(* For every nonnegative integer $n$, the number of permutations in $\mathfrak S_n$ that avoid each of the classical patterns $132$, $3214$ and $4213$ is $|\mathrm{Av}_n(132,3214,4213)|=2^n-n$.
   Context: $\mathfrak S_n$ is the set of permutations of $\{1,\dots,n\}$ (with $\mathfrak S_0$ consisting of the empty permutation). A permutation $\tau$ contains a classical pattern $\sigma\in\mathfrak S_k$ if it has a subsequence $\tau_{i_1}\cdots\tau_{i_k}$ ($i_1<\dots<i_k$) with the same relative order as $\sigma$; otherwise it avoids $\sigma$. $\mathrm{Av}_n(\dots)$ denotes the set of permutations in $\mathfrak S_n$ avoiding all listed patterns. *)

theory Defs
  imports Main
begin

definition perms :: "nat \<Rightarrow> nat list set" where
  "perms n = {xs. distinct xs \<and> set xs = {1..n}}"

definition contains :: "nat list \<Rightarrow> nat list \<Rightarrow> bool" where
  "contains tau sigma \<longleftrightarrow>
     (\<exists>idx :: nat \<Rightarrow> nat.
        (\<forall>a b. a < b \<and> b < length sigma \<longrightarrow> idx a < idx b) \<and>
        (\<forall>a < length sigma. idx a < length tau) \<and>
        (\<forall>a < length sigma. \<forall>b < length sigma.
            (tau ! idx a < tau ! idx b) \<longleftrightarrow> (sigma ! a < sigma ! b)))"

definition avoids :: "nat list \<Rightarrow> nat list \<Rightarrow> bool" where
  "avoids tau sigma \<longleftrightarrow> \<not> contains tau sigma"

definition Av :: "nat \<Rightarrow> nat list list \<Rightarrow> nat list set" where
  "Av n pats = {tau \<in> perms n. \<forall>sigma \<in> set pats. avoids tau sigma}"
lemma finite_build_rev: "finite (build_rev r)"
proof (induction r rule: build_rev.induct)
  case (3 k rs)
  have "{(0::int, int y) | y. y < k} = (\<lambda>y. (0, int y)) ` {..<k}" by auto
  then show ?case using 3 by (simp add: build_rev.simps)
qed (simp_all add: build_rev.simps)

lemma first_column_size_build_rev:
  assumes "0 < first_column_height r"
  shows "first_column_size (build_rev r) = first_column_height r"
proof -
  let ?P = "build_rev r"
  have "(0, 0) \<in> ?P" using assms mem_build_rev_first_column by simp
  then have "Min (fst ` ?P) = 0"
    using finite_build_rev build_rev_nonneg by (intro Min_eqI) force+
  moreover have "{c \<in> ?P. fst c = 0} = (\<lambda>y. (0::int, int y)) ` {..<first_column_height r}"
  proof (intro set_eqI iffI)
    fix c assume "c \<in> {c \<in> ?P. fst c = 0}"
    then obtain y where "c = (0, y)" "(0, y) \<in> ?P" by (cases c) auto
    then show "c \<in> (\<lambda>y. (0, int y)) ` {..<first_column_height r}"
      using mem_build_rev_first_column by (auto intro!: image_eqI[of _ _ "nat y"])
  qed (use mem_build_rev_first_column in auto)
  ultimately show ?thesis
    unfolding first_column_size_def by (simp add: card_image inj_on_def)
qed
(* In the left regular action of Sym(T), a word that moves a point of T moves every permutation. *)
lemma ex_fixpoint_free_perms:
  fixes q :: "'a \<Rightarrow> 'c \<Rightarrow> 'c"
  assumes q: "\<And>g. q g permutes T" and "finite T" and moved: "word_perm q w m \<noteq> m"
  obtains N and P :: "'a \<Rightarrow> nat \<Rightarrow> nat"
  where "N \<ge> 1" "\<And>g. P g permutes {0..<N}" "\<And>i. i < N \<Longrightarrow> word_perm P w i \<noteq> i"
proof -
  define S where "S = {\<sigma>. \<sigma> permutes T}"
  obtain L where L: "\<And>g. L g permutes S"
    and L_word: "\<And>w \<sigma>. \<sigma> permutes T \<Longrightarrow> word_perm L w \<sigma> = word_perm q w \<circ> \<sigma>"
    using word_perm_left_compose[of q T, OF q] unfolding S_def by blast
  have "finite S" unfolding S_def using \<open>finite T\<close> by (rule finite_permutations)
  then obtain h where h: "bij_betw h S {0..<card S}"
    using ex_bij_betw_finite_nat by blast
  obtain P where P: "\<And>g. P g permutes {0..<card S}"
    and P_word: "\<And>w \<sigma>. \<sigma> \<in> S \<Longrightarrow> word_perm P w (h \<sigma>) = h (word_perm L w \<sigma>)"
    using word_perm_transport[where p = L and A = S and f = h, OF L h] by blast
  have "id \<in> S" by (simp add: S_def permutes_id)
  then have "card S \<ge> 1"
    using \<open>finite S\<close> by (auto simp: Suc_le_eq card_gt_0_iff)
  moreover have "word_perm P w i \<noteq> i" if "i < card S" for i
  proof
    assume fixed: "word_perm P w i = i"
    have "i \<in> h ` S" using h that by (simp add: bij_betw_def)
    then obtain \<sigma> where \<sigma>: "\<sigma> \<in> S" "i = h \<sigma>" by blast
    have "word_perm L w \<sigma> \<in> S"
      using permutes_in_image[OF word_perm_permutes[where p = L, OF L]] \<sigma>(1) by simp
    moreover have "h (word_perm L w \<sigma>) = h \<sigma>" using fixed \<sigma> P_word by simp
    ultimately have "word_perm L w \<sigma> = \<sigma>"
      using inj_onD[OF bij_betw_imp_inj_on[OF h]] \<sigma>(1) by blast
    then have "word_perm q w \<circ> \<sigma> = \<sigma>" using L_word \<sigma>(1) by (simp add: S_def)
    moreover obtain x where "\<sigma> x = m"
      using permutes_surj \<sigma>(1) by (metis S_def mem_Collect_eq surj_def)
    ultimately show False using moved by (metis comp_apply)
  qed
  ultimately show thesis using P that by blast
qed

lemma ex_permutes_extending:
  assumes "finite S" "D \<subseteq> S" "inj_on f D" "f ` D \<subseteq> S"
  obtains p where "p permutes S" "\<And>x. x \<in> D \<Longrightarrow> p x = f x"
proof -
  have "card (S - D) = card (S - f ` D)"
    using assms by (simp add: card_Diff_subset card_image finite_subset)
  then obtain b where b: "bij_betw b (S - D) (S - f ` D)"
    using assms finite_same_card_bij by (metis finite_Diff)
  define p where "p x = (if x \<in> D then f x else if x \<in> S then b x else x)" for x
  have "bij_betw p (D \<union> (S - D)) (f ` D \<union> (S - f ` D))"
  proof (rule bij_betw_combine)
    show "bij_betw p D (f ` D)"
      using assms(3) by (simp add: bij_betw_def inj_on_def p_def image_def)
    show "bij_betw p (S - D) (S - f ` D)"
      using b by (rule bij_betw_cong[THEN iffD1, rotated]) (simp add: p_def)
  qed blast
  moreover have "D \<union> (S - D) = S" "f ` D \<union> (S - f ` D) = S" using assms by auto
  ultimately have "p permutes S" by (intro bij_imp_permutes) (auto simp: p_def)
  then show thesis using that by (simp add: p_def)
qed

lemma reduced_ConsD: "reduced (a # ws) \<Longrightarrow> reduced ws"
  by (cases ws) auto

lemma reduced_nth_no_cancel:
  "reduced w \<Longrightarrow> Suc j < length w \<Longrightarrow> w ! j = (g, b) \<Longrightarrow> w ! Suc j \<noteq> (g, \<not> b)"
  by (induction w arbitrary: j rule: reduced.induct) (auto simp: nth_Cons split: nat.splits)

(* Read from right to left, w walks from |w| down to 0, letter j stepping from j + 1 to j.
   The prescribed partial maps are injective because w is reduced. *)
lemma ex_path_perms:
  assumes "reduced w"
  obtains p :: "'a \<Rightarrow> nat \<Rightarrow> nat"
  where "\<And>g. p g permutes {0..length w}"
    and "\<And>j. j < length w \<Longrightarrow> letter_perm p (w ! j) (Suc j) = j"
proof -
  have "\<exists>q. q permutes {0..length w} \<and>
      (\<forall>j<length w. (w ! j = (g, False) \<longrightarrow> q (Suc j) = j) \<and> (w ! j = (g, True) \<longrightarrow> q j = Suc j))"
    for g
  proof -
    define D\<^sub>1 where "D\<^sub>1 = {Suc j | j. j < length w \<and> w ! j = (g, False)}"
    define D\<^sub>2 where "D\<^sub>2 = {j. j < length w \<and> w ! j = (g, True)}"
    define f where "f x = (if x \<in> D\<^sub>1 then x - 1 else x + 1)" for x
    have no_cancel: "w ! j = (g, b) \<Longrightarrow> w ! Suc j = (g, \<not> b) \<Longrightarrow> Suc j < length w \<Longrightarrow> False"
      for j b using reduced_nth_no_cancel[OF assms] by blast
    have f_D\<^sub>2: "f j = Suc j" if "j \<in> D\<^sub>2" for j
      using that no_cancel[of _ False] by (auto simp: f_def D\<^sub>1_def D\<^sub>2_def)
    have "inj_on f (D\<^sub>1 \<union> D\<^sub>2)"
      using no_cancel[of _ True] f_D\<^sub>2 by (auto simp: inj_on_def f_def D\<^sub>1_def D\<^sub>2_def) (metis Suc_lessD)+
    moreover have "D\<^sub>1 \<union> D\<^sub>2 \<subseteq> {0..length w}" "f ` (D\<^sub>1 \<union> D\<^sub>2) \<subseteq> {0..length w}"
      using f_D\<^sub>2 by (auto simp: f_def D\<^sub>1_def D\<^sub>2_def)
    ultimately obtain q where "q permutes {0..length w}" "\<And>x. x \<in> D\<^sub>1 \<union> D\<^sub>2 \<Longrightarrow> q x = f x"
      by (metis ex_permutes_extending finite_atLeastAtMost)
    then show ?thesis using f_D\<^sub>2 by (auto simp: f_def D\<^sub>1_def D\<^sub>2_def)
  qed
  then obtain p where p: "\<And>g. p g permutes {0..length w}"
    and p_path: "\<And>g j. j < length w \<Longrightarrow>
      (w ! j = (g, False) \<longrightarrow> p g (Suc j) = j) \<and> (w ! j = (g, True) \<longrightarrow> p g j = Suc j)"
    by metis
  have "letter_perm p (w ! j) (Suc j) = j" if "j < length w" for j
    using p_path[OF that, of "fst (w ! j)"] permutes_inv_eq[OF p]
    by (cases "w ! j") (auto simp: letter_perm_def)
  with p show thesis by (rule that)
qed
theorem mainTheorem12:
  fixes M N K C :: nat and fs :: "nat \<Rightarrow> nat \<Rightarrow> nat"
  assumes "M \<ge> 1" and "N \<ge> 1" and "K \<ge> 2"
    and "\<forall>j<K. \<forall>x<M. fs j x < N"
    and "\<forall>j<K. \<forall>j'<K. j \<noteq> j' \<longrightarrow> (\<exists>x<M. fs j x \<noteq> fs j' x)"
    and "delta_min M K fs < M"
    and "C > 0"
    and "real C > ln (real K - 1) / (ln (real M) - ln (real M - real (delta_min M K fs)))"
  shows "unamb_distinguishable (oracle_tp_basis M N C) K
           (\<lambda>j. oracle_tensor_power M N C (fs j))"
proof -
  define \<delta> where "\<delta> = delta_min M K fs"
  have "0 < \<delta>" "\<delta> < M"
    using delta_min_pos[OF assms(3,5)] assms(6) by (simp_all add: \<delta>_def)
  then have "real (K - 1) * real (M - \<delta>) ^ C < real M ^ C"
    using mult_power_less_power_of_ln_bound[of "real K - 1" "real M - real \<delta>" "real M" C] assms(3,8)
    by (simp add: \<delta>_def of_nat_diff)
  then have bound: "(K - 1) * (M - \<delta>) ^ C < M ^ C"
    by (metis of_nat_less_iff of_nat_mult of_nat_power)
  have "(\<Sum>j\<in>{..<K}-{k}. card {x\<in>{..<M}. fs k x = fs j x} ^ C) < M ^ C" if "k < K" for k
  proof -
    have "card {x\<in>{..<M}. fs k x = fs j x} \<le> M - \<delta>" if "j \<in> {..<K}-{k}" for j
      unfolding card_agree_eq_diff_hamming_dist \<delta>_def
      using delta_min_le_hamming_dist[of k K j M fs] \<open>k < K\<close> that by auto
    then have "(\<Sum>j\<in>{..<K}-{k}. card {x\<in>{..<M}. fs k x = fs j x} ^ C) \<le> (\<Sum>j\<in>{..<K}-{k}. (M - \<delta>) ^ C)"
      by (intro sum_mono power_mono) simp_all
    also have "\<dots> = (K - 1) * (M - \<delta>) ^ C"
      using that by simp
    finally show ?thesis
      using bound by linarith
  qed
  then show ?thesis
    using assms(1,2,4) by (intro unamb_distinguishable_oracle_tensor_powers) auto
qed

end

---

§ **EXERCISE PROMPT**
Give only the number of lines in the data that hold the word "longleftrightarrow".

§ **OUTPUT OF THE EXERCISE**
3